These preferences handle the sound server, Sound Events (system notification sounds), and the System Bell. Each option is pretty clear just by reading the description. You won't break anything by trying out these options, but you might annoy yourself with a few of those sound choices.

Theme

The Theme module (see Figure 4.4) is one of the most important, as far as my fun factor is concerned. Themes are where you can radically change the look of GNOME. There are four types of themes: large overall themes, window controls themes, window border themes, and icon themes. The last three are in a subdialog box that shows up when you click the Theme Details button. When you make changes in the subdialog box, your overall theme shows up as a custom theme. You can then save your custom theme.

04fig04.gif

Figure 4.4 The GNOME Control Center's Theme Preferences and Theme Details dialog box.

Windows

Open this one, and you see the Window Preferences dialog box with options for focus follows mouse (Select Windows When the Mouse Moves over Them) and other options for window behavior and moving windows.

GNOME makes changing your preferences painless. Most of the options in the modules need little explanation. You can try them without fear that you will mess up anything very important. The modules don't have a Defaults button as the KDE Control Center does, so remember what you change, in case you want to undo your actions. I often find it easier to access the modules in the GNOME Control Center through the main menu, especially for changing only one or two preferences.

Table 4.2. How to Find Frequently Used Preferences in the GNOME Control Center

Desktop wallpaper

Desktop Background

Window theme

Theme > Theme Details > Controls

Theme > Theme Details > Window Border

Window colors

You can change window colors only by changing the window control and window border themes.

File associations

File types and programs

Default fonts

Font

Screensaver

Screensaver

Keyboard and mouse settings

Keyboard

Mouse

Printers

[Main Menu] > System Settings > Printing (root password required)

New fonts

Installing new fonts is not in the Control Center but is easily done.
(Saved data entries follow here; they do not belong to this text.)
(* Let $u:\mathbb{R}^d\to\mathbb{R}$ be a bounded Borel function and let $\lambda$ be a Radon measure on $\mathbb{R}^d$. Assume that $\mathcal{N}_u$ is $|\lambda|$-negligible. Then for every $\rho\in\mathcal{K}$ with support contained in $B_{1/2}$, setting $u_\ell=u*\rho_\ell$ and $\lambda_\ell=\lambda*\rho_\ell$, one has $u_\ell\lambda_\ell\rightharpoonup u^{\rho*\rho}\lambda$ weakly as measures as $\ell\to0$ (i.e. $\int\phi\,u_\ell\lambda_\ell\,dx\to\int\phi\,u^{\rho*\rho}\,d\lambda$ for every $\phi\in C_c(\mathbb{R}^d)$), where $u^{\rho*\rho}(x)=\int(\rho*\rho)(z)v(z)\,dz$ with $v$ the blow up of $u$ at $x$ (defined for $x\notin\mathcal{N}_u$).
   Context: $\mathcal{K}$ is the set of $\rho\in C^\infty_c(B_1)$ that are even with $\int\rho=1$; $\rho_\ell(x)=\ell^{-d}\rho(x/\ell)$. Blow-up: $u$ admits a blow up at $x_0$ if there is $v\in L^1(B_1)$ with $\lim_{\ell\to0}\int_{B_1}|u(x_0+\ell z)-v(z)|\,dz=0$ (full limit $\ell\to0$); $\mathcal{N}_u$ is the set of points where $u$ admits no blow up. *)

theory Defs
  imports "HOL-Analysis.Analysis"
begin

definition pderiv_dir :: "'a::euclidean_space \<Rightarrow> ('a \<Rightarrow> real) \<Rightarrow> 'a \<Rightarrow> real" where
  "pderiv_dir b f = (\<lambda>x. frechet_derivative f (at x) b)"

definition smooth_fun :: "('a::euclidean_space \<Rightarrow> real) \<Rightarrow> bool" where
  "smooth_fun f \<longleftrightarrow> (\<forall>bs. set bs \<subseteq> Basis \<longrightarrow>
      (\<forall>x. foldr pderiv_dir bs f differentiable (at x)))"

definition supp :: "('a::real_normed_vector \<Rightarrow> real) \<Rightarrow> 'a set" where
  "supp f = closure {x. f x \<noteq> 0}"

definition mollifiers :: "('a::euclidean_space \<Rightarrow> real) set" where
  "mollifiers = {\<rho>. smooth_fun \<rho> \<and> compact (supp \<rho>) \<and> supp \<rho> \<subseteq> ball 0 1
       \<and> (\<forall>x. \<rho> (- x) = \<rho> x) \<and> integral\<^sup>L lborel \<rho> = 1}"

definition rescale :: "('a::euclidean_space \<Rightarrow> real) \<Rightarrow> real \<Rightarrow> 'a \<Rightarrow> real" where
  "rescale \<rho> l x = l powr (- real DIM('a)) * \<rho> ((1 / l) *\<^sub>R x)"

definition conv :: "('a::euclidean_space \<Rightarrow> real) \<Rightarrow> ('a \<Rightarrow> real) \<Rightarrow> 'a \<Rightarrow> real" where
  "conv f g x = (\<integral>y. f (x - y) * g y \<partial>lborel)"

text \<open>Convolution of the signed measure sigma*mu (polar form) with a function g:
  (lambda * g)(x) = integral g(x - y) d lambda(y).\<close>
definition conv_meas :: "'a::euclidean_space measure \<Rightarrow> ('a \<Rightarrow> real) \<Rightarrow> ('a \<Rightarrow> real) \<Rightarrow> 'a \<Rightarrow> real" where
  "conv_meas \<mu> \<sigma> g x = (\<integral>y. g (x - y) * \<sigma> y \<partial>\<mu>)"

definition is_blowup :: "('a::euclidean_space \<Rightarrow> real) \<Rightarrow> 'a \<Rightarrow> ('a \<Rightarrow> real) \<Rightarrow> bool" where
  "is_blowup u x0 v \<longleftrightarrow> set_integrable lborel (ball 0 1) v \<and>
     ((\<lambda>l. \<integral>z\<in>ball 0 1. \<bar>u (x0 + l *\<^sub>R z) - v z\<bar> \<partial>lborel) \<longlongrightarrow> 0) (at_right 0)"

definition no_blowup_set :: "('a::euclidean_space \<Rightarrow> real) \<Rightarrow> 'a set" where
  "no_blowup_set u = {x. \<not> (\<exists>v. is_blowup u x v)}"

definition blowup_avg :: "('a::euclidean_space \<Rightarrow> real) \<Rightarrow> ('a \<Rightarrow> real) \<Rightarrow> 'a \<Rightarrow> real" where
  "blowup_avg u \<eta> x = (if \<exists>v. is_blowup u x v
      then (\<integral>z. \<eta> z * (SOME v. is_blowup u x v) z \<partial>lborel) else 0)"

definition radon_measure :: "'a::euclidean_space measure \<Rightarrow> bool" where
  "radon_measure \<mu> \<longleftrightarrow> sets \<mu> = sets borel \<and> (\<forall>K. compact K \<longrightarrow> emeasure \<mu> K < \<infinity>)"

end

theory Submission
  imports Defs
begin

text \<open>
  Fubini moves the mollification from \<open>\<lambda>\<close> onto the test function:
  \<open>\<integral> \<phi> u\<^sub>l \<lambda>\<^sub>l = \<integral> F\<^sub>l d\<lambda>\<close> with \<open>F\<^sub>l y = \<integral> \<phi> x u\<^sub>l x \<rho>\<^sub>l (x - y) dx\<close>.
  Substituting \<open>x = y + l a\<close> turns \<open>F\<^sub>l y\<close> into
  \<open>\<integral> \<phi> (y + l a) \<rho> a (\<rho> * u (y + l \<cdot>)) a da\<close>. As \<open>\<rho>\<close> lives in \<open>B\<^sub>1\<^sub>/\<^sub>2\<close>, only the
  values of \<open>u (y + l \<cdot>)\<close> on \<open>B\<^sub>1\<close> enter, so at a point with blow up \<open>v\<close> the inner
  convolutions converge to \<open>\<rho> * v\<close>, and \<open>F\<^sub>l y \<rightarrow> \<phi> y \<integral> \<rho> (\<rho> * v) = \<phi> y \<integral> (\<rho> * \<rho>) v\<close>
  because \<open>\<rho>\<close> is even. The \<open>F\<^sub>l\<close> are uniformly bounded and supported in a fixed compact
  set, and \<open>\<N>\<^sub>u\<close> is \<open>|\<lambda>|\<close>-null, so dominated convergence with respect to \<open>|\<lambda>|\<close> concludes.
\<close>

lemma integral_dominated_convergence_at_right:
  fixes s :: "real \<Rightarrow> 'a \<Rightarrow> 'b::{banach, second_countable_topology}" and w :: "'a \<Rightarrow> real"
  assumes "f \<in> borel_measurable M" "\<And>t. s t \<in> borel_measurable M" "integrable M w"
    and "AE x in M. ((\<lambda>t. s t x) \<longlongrightarrow> f x) (at_right 0)"
    and "\<forall>\<^sub>F t in at_right 0. AE x in M. norm (s t x) \<le> w x"
  shows "((\<lambda>t. integral\<^sup>L M (s t)) \<longlongrightarrow> integral\<^sup>L M f) (at_right 0)"
proof -
  have "((\<lambda>t. integral\<^sup>L M (s (inverse t))) \<longlongrightarrow> integral\<^sup>L M f) at_top"
  proof (rule integral_dominated_convergence_at_top[where w=w])
    show "AE x in M. ((\<lambda>t. s (inverse t) x) \<longlongrightarrow> f x) at_top"
      using assms(4) by eventually_elim (simp add: filterlim_at_right_to_top)
    show "\<forall>\<^sub>F t in at_top. AE x in M. norm (s (inverse t) x) \<le> w x"
      using assms(5) by (simp add: eventually_at_right_to_top)
  qed (use assms in auto)
  then show ?thesis by (simp add: filterlim_at_right_to_top)
qed

lemma borel_measurable_at_right_limit:
  fixes f :: "real \<Rightarrow> 'a \<Rightarrow> real"
  assumes "\<And>t. f t \<in> borel_measurable M"
    and "\<And>x. x \<in> space M \<Longrightarrow> ((\<lambda>t. f t x) \<longlongrightarrow> g x) (at_right 0)"
  shows "g \<in> borel_measurable M"
proof (rule borel_measurable_LIMSEQ_real[where u="\<lambda>n. f (1 / Suc n)"])
  have "filterlim (\<lambda>n. 1 / real (Suc n)) (at_right 0) sequentially"
    using LIMSEQ_Suc[OF lim_1_over_n] by (intro tendsto_imp_filterlim_at_right) auto
  then show "(\<lambda>n. f (1 / Suc n) x) \<longlonglongrightarrow> g x" if "x \<in> space M" for x
    using filterlim_compose[OF assms(2)[OF that]] by simp
qed (use assms in simp)

lemma lborel_integral_affine:
  fixes g :: "'a::euclidean_space \<Rightarrow> real"
  assumes c: "c \<noteq> 0" and g: "g \<in> borel_measurable borel"
  shows "integral\<^sup>L lborel g = \<bar>c\<bar>^DIM('a) * (\<integral>x. g (t + c *\<^sub>R x) \<partial>lborel)"
proof -
  have "integral\<^sup>L lborel g
      = integral\<^sup>L (density (distr lborel borel (\<lambda>x. t + c *\<^sub>R x)) (\<lambda>_. \<bar>c\<bar>^DIM('a))) g"
    by (subst lborel_affine[OF c, of t]) (rule refl)
  also have "\<dots> = integral\<^sup>L (distr lborel borel (\<lambda>x. t + c *\<^sub>R x)) (\<lambda>x. \<bar>c\<bar>^DIM('a) *\<^sub>R g x)"
    using g by (subst integral_density[symmetric]) (auto simp: ennreal_power)
  also have "\<dots> = (\<integral>x. \<bar>c\<bar>^DIM('a) *\<^sub>R g (t + c *\<^sub>R x) \<partial>lborel)"
    using g by (subst integral_distr) auto
  finally show ?thesis by simp
qed

lemma lborel_integral_reflect_shift:
  fixes g :: "'a::euclidean_space \<Rightarrow> real"
  assumes "g \<in> borel_measurable borel"
  shows "(\<integral>z. g (a - z) \<partial>lborel) = integral\<^sup>L lborel g"
  using lborel_integral_affine[OF _ assms, of "-1" a] by simp

lemma abs_mult_le_mult:
  fixes a b :: real
  shows "\<bar>a\<bar> \<le> A \<Longrightarrow> \<bar>b\<bar> \<le> B \<Longrightarrow> \<bar>a * b\<bar> \<le> A * B"
  by (simp add: abs_mult mult_mono')

lemma abs_integral_le_integral:
  fixes f g :: "'a \<Rightarrow> real"
  assumes "integrable M g" "\<And>x. x \<in> space M \<Longrightarrow> \<bar>f x\<bar> \<le> g x"
  shows "\<bar>integral\<^sup>L M f\<bar> \<le> integral\<^sup>L M g"
proof -
  have "\<bar>integral\<^sup>L M f\<bar> \<le> (\<integral>x. \<bar>f x\<bar> \<partial>M)"
    using integral_norm_bound[of M f] by simp
  also have "\<dots> \<le> integral\<^sup>L M g"
    using assms by (intro integral_mono') (auto intro: order_trans[OF abs_ge_zero])
  finally show ?thesis .
qed

lemma integrable_mult_bounded:
  fixes f g :: "'a \<Rightarrow> real"
  assumes "integrable M f" "g \<in> borel_measurable M" "\<And>x. x \<in> space M \<Longrightarrow> \<bar>g x\<bar> \<le> B"
  shows "integrable M (\<lambda>x. f x * g x)"
proof (rule Bochner_Integration.integrable_bound[where f="\<lambda>x. B * f x"])
  show "AE x in M. norm (f x * g x) \<le> norm (B * f x)"
  proof (rule AE_I2)
    fix x assume "x \<in> space M"
    then have "\<bar>g x\<bar> \<le> \<bar>B\<bar>"
      using assms(3) by (meson abs_ge_self order_trans)
    then show "norm (f x * g x) \<le> norm (B * f x)"
      by (simp add: abs_mult) (metis abs_ge_zero mult.commute mult_right_mono)
  qed
qed (use assms in \<open>auto intro: borel_measurable_integrable\<close>)

lemma (in pair_sigma_finite) integrable_mult_product:
  fixes f :: "'a \<Rightarrow> real" and g :: "'b \<Rightarrow> real"
  assumes f: "integrable M1 f" and g: "integrable M2 g"
  shows "integrable (M1 \<Otimes>\<^sub>M M2) (\<lambda>(x, y). f x * g y)"
proof (rule Fubini_integrable)
  have [measurable]: "f \<in> borel_measurable M1" "g \<in> borel_measurable M2"
    using f g by auto
  show "(\<lambda>(x, y). f x * g y) \<in> borel_measurable (M1 \<Otimes>\<^sub>M M2)"
    by measurable
  show "integrable M1 (\<lambda>x. \<integral>y. norm (case (x, y) of (x, y) \<Rightarrow> f x * g y) \<partial>M2)"
    using f by (simp add: abs_mult)
  show "AE x in M1. integrable M2 (\<lambda>y. case (x, y) of (x, y) \<Rightarrow> f x * g y)"
    using g by simp
qed

lemma abs_conv_diff_le:
  fixes k f g :: "'a::euclidean_space \<Rightarrow> real"
  assumes [measurable]: "k \<in> borel_measurable borel" and k: "\<And>x. \<bar>k x\<bar> \<le> R"
    and f: "integrable lborel f" and g: "integrable lborel g"
  shows "\<bar>conv k f a - conv k g a\<bar> \<le> R * (\<integral>z. \<bar>f z - g z\<bar> \<partial>lborel)"
proof -
  have "integrable lborel (\<lambda>z. h z * k (a - z))" if "integrable lborel h" for h
    using that k by (intro integrable_mult_bounded) auto
  then have "conv k f a - conv k g a = (\<integral>z. k (a - z) * (f z - g z) \<partial>lborel)"
    using f g unfolding conv_def
    by (subst Bochner_Integration.integral_diff[symmetric]) (auto simp: algebra_simps)
  also have "\<bar>\<dots>\<bar> \<le> (\<integral>z. R * \<bar>f z - g z\<bar> \<partial>lborel)"
    using f g k by (intro abs_integral_le_integral) (auto simp: abs_mult intro!: mult_right_mono)
  finally show ?thesis by simp
qed

lemma borel_measurable_conv [measurable]:
  assumes [measurable]: "f \<in> borel_measurable borel" "g \<in> borel_measurable borel"
  shows "conv f g \<in> borel_measurable borel"
  unfolding conv_def by measurable

lemma not_in_supp_eq_zero: "x \<notin> supp f \<Longrightarrow> f x = 0"
  unfolding supp_def by (meson closure_subset mem_Collect_eq subsetD)

lemma continuous_compact_supp_bounds:
  assumes "continuous_on UNIV f" "compact (supp f)"
  obtains B r where "\<And>x. \<bar>f x\<bar> \<le> B" "\<And>x. r < norm x \<Longrightarrow> f x = 0"
proof -
  obtain r where r: "\<And>x. x \<in> supp f \<Longrightarrow> norm x \<le> r"
    using compact_imp_bounded[OF assms(2)] by (auto simp: bounded_iff)
  have "compact (f ` supp f)"
    using assms by (intro compact_continuous_image) (auto intro: continuous_on_subset)
  then obtain B where B: "\<forall>x\<in>supp f. \<bar>f x\<bar> \<le> B"
    by (auto dest!: compact_imp_bounded simp: bounded_iff)
  have "\<bar>f x\<bar> \<le> max B 0" for x
    using B not_in_supp_eq_zero[of x f] by (cases "x \<in> supp f") auto
  moreover have "f x = 0" if "r < norm x" for x
    using r[of x] not_in_supp_eq_zero[of x f] that by (cases "x \<in> supp f") auto
  ultimately show thesis
    by (rule that)
qed
lemma lipschitz_on_if_continuous_derivative:
  fixes f :: "'a::real_normed_vector \<Rightarrow> 'b::real_normed_vector" and f' :: "'a \<Rightarrow> 'a \<Rightarrow>\<^sub>L 'b"
  assumes "compact S" "convex S"
    and f': "\<And>x. x \<in> S \<Longrightarrow> (f has_derivative f' x) (at x)"
    and "continuous_on S f'"
  obtains B where "B-lipschitz_on S f"
proof -
  obtain B where B: "\<And>x. x \<in> S \<Longrightarrow> norm (f' x) \<le> B"
    using compact_imp_bounded[OF compact_continuous_image[OF assms(4,1)]]
    by (auto simp: bounded_iff)
  have "(max B 0)-lipschitz_on S f"
  proof (rule bounded_derivative_imp_lipschitz[OF has_derivative_at_withinI[OF f'] \<open>convex S\<close>])
    show "onorm (f' x) \<le> max B 0" if "x \<in> S" for x
      using B[OF that] by (simp add: norm_blinfun.rep_eq[symmetric])
  qed auto
  then show thesis ..
qed

lemma norm_linearization_error_le:
  fixes f :: "'a::real_normed_vector \<Rightarrow> 'b::real_normed_vector" and f' :: "'a \<Rightarrow> 'a \<Rightarrow>\<^sub>L 'b"
  assumes "convex S"
    and f': "\<And>x. x \<in> S \<Longrightarrow> (f has_derivative f' x) (at x)"
    and lip: "B-lipschitz_on S f'"
    and "c \<in> S" "a \<in> S" "b \<in> S" "S \<subseteq> cball c r"
  shows "norm (f b - f a - f' c (b - a)) \<le> B * r * norm (b - a)"
proof -
  have "norm (f b - f a - f' c (b - a)) \<le> norm (b - a) * (B * r)"
  proof (rule differentiable_bound_linearization[OF _ has_derivative_at_withinI[OF f']])
    show "a + t *\<^sub>R (b - a) \<in> S" if "t \<in> {0..1}" for t
      using convexD_alt[OF \<open>convex S\<close> \<open>a \<in> S\<close> \<open>b \<in> S\<close>, of t] that
      by (simp add: algebra_simps)
    show "onorm (blinfun_apply (f' x) - blinfun_apply (f' c)) \<le> B * r" if "x \<in> S" for x
    proof -
      have "onorm (blinfun_apply (f' x) - blinfun_apply (f' c)) = dist (f' x) (f' c)"
        by (simp add: dist_norm norm_blinfun.rep_eq minus_blinfun.rep_eq fun_diff_def)
      also have "\<dots> \<le> B * dist x c"
        using lipschitz_onD[OF lip that \<open>c \<in> S\<close>] .
      also have "\<dots> \<le> B * r"
        using \<open>S \<subseteq> cball c r\<close> that lipschitz_on_nonneg[OF lip]
        by (auto intro!: mult_left_mono simp: dist_commute)
      finally show ?thesis .
    qed
  qed (use \<open>c \<in> S\<close> in auto)
  then show ?thesis by (simp add: mult_ac)
qed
Open Nautilus, type fonts:// in the address bar (or use File > Open Location if Nautilus is in spatial mode), and then drag and drop TrueType font (.ttf) files into the directory.

Notification sounds

Sound > Sound Events

Installing new window border and control themes in GNOME is easier than it is in KDE. All you need to do is download the compressed file from a Web site with GNOME themes, such as http://art.gnome.org or http://gnome-look.org. Open the Theme dialog box in the Control Center and click the Theme Details button. Go to the right tab for the type of theme that you downloaded and click the Install Theme button. Select your downloaded file, and you are done. You should see the new theme that you installed in the list on the appropriate tab.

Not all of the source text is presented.